Lords reform looks set to snarl up the Commons
- 28 June 2012
- From the section UK Politics
Is the second intifada about to hit the Commons?
The first - the months-long Maastricht rebellion in the mid 1990s - is still seared into the institutional memory of the Commons: the late nights, the long speeches, and the endless points of order from Bill Cash (which eventually provoked the then Speaker, Bernard Weatherill, into a most unparliamentary expression of frustration). It demonstrated the ability of determined dissidents to stop a government with a Commons majority in its tracks.
The House of Lords Reform Bill may be about to lurch into a similar procedural quagmire.
The fun will start with a two-day second reading debate on 9 and 10 July. That will see the first procedural battle, over whether the debate will be allowed to continue through the night, which would require a vote to cancel the normal "moment of interruption" at which the Commons normally moves to an adjournment debate. Since the government is already being criticised for setting a time limit on the debate of a major constitutional change, it might be smart to avoid a test of strength and allow MPs to sit all night, if they really, really want.
And that same logic may apply to the much heralded programme motion which, for most bills, sets out the timetable for considering the bill, section by section, and which Ed Miliband has already pledged to oppose.
One suggestion is that the prospect of a Tory uprising sufficient to defeat a programme motion might deter the government from putting it down in the first place….but the Leader of the Commons, Sir George Young, has just told MPs that the programme motion will be put immediately after the vote on the second reading. Still, it's quite possible that, at the last moment, a government whip will cry "not moved!"

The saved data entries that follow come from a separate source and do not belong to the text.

(* Let $\Sigma=(X,U,F)$ be a system and $Q\subset X$ be controlled invariant. Then \[h_{inv}(Q)\le\inf_{V}\log\rho(M_{Q,V}),\] where the infimum is over all finite $V\subset U$ that cover $Q$, and $\rho$ denotes the spectral radius.
   Context: A system is a triple $\Sigma=(X,U,F)$ where $X,U$ are nonempty sets and $F:X\times U\rightrightarrows X$ is a set-valued map with $F(x,u)\neq\emptyset$ for all $(x,u)$; for $A\subset X$, $F(A,u)=\bigcup_{x\in A}F(x,u)$. $Q\subset X$ is controlled invariant if for every $x\in Q$ there is $u\in U$ with $F(x,u)\subset Q$. For $u\in U$ put $Q_u=\{x\in Q:F(x,u)\subset Q\}$. Elements of $U^n$ are written $\omega=\omega_0\cdots\omega_{n-1}$, $\omega_{[0,i]}=\omega_0\cdots\omega_i$. A set $S\subset U^n$ is an admissible family of length $n$ for $Q$ if (a) $\omega'_0=\omega''_0$ for all $\omega',\omega''\in S$, and (b) there exists $x\in Q$ such that for every $\omega\in S$, with $I^0_\omega(x)=\{x\}$: for all $i=0,\dots,n-2$, $F(I^i_\omega(x),\omega_i)\subset\bigcup_{\omega'\in S,\ \omega'_{[0,i]}=\omega_{[0,i]}}Q_{\omega'_{i+1}}$ and $I^{i+1}_\omega(x):=F(I^i_\omega(x),\omega_i)\cap Q_{\omega_{i+1}}\neq\emptyset$; and $I^n_\omega(x):=F(I^{n-1}_\omega(x),\omega_{n-1})\subset Q$. Let $AF^n(Q)$ be the set of such families and $Q_S$ the set of $x\in Q$ satisfying (b). A set $\mathscr{S}\subset U^n$ is $(n,Q)$-spanning if $Q\subset\bigcup_{S\subset\mathscr{S},\,S\in AF^n(Q)}Q_S$; $r_{inv}(n,Q)$ is the infimum of $\sharp\mathscr{S}$ over such sets, and $h_{inv}(Q)=\limsup_{n\to\infty}\frac1n\log r_{inv}(n,Q)$ ($\log$ base $2$). A set $V\subset U$ is a cover of $Q$ if $Q\subset\bigcup_{a\in V}Q_a$. The admissible matrix $M_{Q,V}=(M_{ab})_{a,b\in V}$ has $M_{ab}=1$ if there exists $x\in Q_a$ with $F(x,a)\cap Q_b\neq\emptyset$, and $M_{ab}=0$ otherwise. The infimum of the empty set is $+\infty$. *)

theory Defs
  imports Complex_Main "HOL-Library.Extended_Real" "HOL-Library.Liminf_Limsup"
    "Jordan_Normal_Form.Spectral_Radius"
begin

text \<open>A system (X,U,F): state type 'x, input type 'u, set-valued map F.
  Words in U^n are lists of length n.\<close>

definition Fimg :: "('x \<Rightarrow> 'u \<Rightarrow> 'x set) \<Rightarrow> 'x set \<Rightarrow> 'u \<Rightarrow> 'x set" where
  "Fimg F A u = (\<Union>x\<in>A. F x u)"

definition controlled_invariant :: "('x \<Rightarrow> 'u \<Rightarrow> 'x set) \<Rightarrow> 'x set \<Rightarrow> bool" where
  "controlled_invariant F Q \<longleftrightarrow> (\<forall>x\<in>Q. \<exists>u. F x u \<subseteq> Q)"

definition Qu :: "('x \<Rightarrow> 'u \<Rightarrow> 'x set) \<Rightarrow> 'x set \<Rightarrow> 'u \<Rightarrow> 'x set" where
  "Qu F Q u = {x\<in>Q. F x u \<subseteq> Q}"

fun Iset :: "('x \<Rightarrow> 'u \<Rightarrow> 'x set) \<Rightarrow> 'x set \<Rightarrow> 'u list \<Rightarrow> 'x \<Rightarrow> nat \<Rightarrow> 'x set" where
  "Iset F Q w x 0 = {x}"
| "Iset F Q w x (Suc i) = Fimg F (Iset F Q w x i) (w ! i) \<inter> Qu F Q (w ! Suc i)"

definition adm_cond :: "('x \<Rightarrow> 'u \<Rightarrow> 'x set) \<Rightarrow> 'x set \<Rightarrow> nat \<Rightarrow> 'u list set \<Rightarrow> 'x \<Rightarrow> bool" where
  "adm_cond F Q n S x \<longleftrightarrow>
     (\<forall>w\<in>S.
        (\<forall>i. i + 2 \<le> n \<longrightarrow>
            Fimg F (Iset F Q w x i) (w ! i)
              \<subseteq> (\<Union>w'\<in>{w'\<in>S. take (Suc i) w' = take (Suc i) w}. Qu F Q (w' ! Suc i))
          \<and> Iset F Q w x (Suc i) \<noteq> {})
      \<and> Fimg F (Iset F Q w x (n - 1)) (w ! (n - 1)) \<subseteq> Q)"

definition QS :: "('x \<Rightarrow> 'u \<Rightarrow> 'x set) \<Rightarrow> 'x set \<Rightarrow> nat \<Rightarrow> 'u list set \<Rightarrow> 'x set" where
  "QS F Q n S = {x\<in>Q. adm_cond F Q n S x}"

definition AF :: "('x \<Rightarrow> 'u \<Rightarrow> 'x set) \<Rightarrow> 'x set \<Rightarrow> nat \<Rightarrow> 'u list set set" where
  "AF F Q n = {S. 0 < n \<and> S \<noteq> {} \<and> (\<forall>w\<in>S. length w = n)
      \<and> (\<forall>w'\<in>S. \<forall>w''\<in>S. w' ! 0 = w'' ! 0)
      \<and> (\<exists>x\<in>Q. adm_cond F Q n S x)}"

definition spanning :: "('x \<Rightarrow> 'u \<Rightarrow> 'x set) \<Rightarrow> 'x set \<Rightarrow> nat \<Rightarrow> 'u list set \<Rightarrow> bool" where
  "spanning F Q n SS \<longleftrightarrow> (\<forall>w\<in>SS. length w = n) \<and>
     Q \<subseteq> (\<Union>S\<in>{S. S \<subseteq> SS \<and> S \<in> AF F Q n}. QS F Q n S)"

definition ecard :: "'a set \<Rightarrow> ereal" where
  "ecard A = (if finite A then ereal (real (card A)) else \<infinity>)"

definition r_inv :: "('x \<Rightarrow> 'u \<Rightarrow> 'x set) \<Rightarrow> 'x set \<Rightarrow> nat \<Rightarrow> ereal" where
  "r_inv F Q n = (INF SS\<in>{SS. spanning F Q n SS}. ecard SS)"

definition elog2 :: "ereal \<Rightarrow> ereal" where
  "elog2 r = (if r = \<infinity> then \<infinity> else if r \<le> 0 then -\<infinity> else ereal (log 2 (real_of_ereal r)))"

definition h_inv :: "('x \<Rightarrow> 'u \<Rightarrow> 'x set) \<Rightarrow> 'x set \<Rightarrow> ereal" where
  "h_inv F Q = limsup (\<lambda>n. elog2 (r_inv F Q n) / ereal (real n))"

definition is_cover :: "('x \<Rightarrow> 'u \<Rightarrow> 'x set) \<Rightarrow> 'x set \<Rightarrow> 'u set \<Rightarrow> bool" where
  "is_cover F Q V \<longleftrightarrow> Q \<subseteq> (\<Union>a\<in>V. Qu F Q a)"

definition adm_entry :: "('x \<Rightarrow> 'u \<Rightarrow> 'x set) \<Rightarrow> 'x set \<Rightarrow> 'u \<Rightarrow> 'u \<Rightarrow> complex" where
  "adm_entry F Q a b = (if \<exists>x\<in>Qu F Q a. F x a \<inter> Qu F Q b \<noteq> {} then 1 else 0)"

Those decisions will depend on the whipping, and whether the Tory dissidents can be brought back into the fold. A lot of upwardly-mobile backbenchers - many so ambitious that if they stand in one place for long enough, a small pool of drool accumulates around their feet - are clearly sounding off at the moment. But will they hold firm if the price is to be passed over for ministerial office?
There is much talk of a "soft three-line whip" in which the stern warnings delivered to dissidents are softened by a nudge and a wink and the subliminal implication that the Conservative hierarchy isn't serious and is offering purely nominal support, to appease Nick Clegg. That might prove to be wishful thinking. So a test of character looms for potential rebels.
When committee stage proceedings begin, in the autumn, detailed debate will take place on the floor of the House. The government is offering 10 days for this stage of the bill - but if it doesn't get its programme motion, it can expect the debates to drag on rather longer. And there are some high-powered issues to chew over - the balance of power between the Commons and the new Senate (or whatever it is to be called), the proportion to be elected or appointed, the presence of the Church of England bishops (excluding them would come close to disestablishment of the state church, so antidisestablishmentarianism may become a factor) and much, much more.
How long is taken on each subject, and whether each debate went through the night, would then depend on Labour, and their willingness to support closure motions to bring each section of the debate to a vote. Labour will decide that on a case by case basis, depending on the importance of the issue and the weariness of their troops.
But the biggest advantage for the dissidents of defeating the programme motion, is that it makes it much easier to get key amendments discussed and voted on - a smart government business manager will always shape the programme motion in such a way that inconvenient amendments won't be reached before time runs out.
Without a motion those who want changes - a referendum, the removal of the bishops, or whatever - will see their ideas debated as long as they've managed to produce an amendment that is in order.
Chris Bryant, who's been batting for Labour in the media on Lords Reform (even though his shadow ministerial job is immigration), expects the bill to reach a third reading in the end, probably with the addition of a referendum, and the subtraction of the bishops. If that happens, reform looks highly probable, because the Commons can then force the bill into law via the Parliament Act.
At which point the Lords face the classic dilemma which confronted their predecessors a century ago, between "hedgers" who will seek to minimise the damage (as they see it) and "ditchers" who will fight to the last, and probably bring the government's legislative programme to a halt, in the process.
If the bill fails, the spotlight falls on Nick Clegg. Having failed to deliver either of his party's key constitutional objectives, electoral reform and Lords reform, could he survive? Or might his party, for the third time in his short parliamentary lifetime, dump its leader?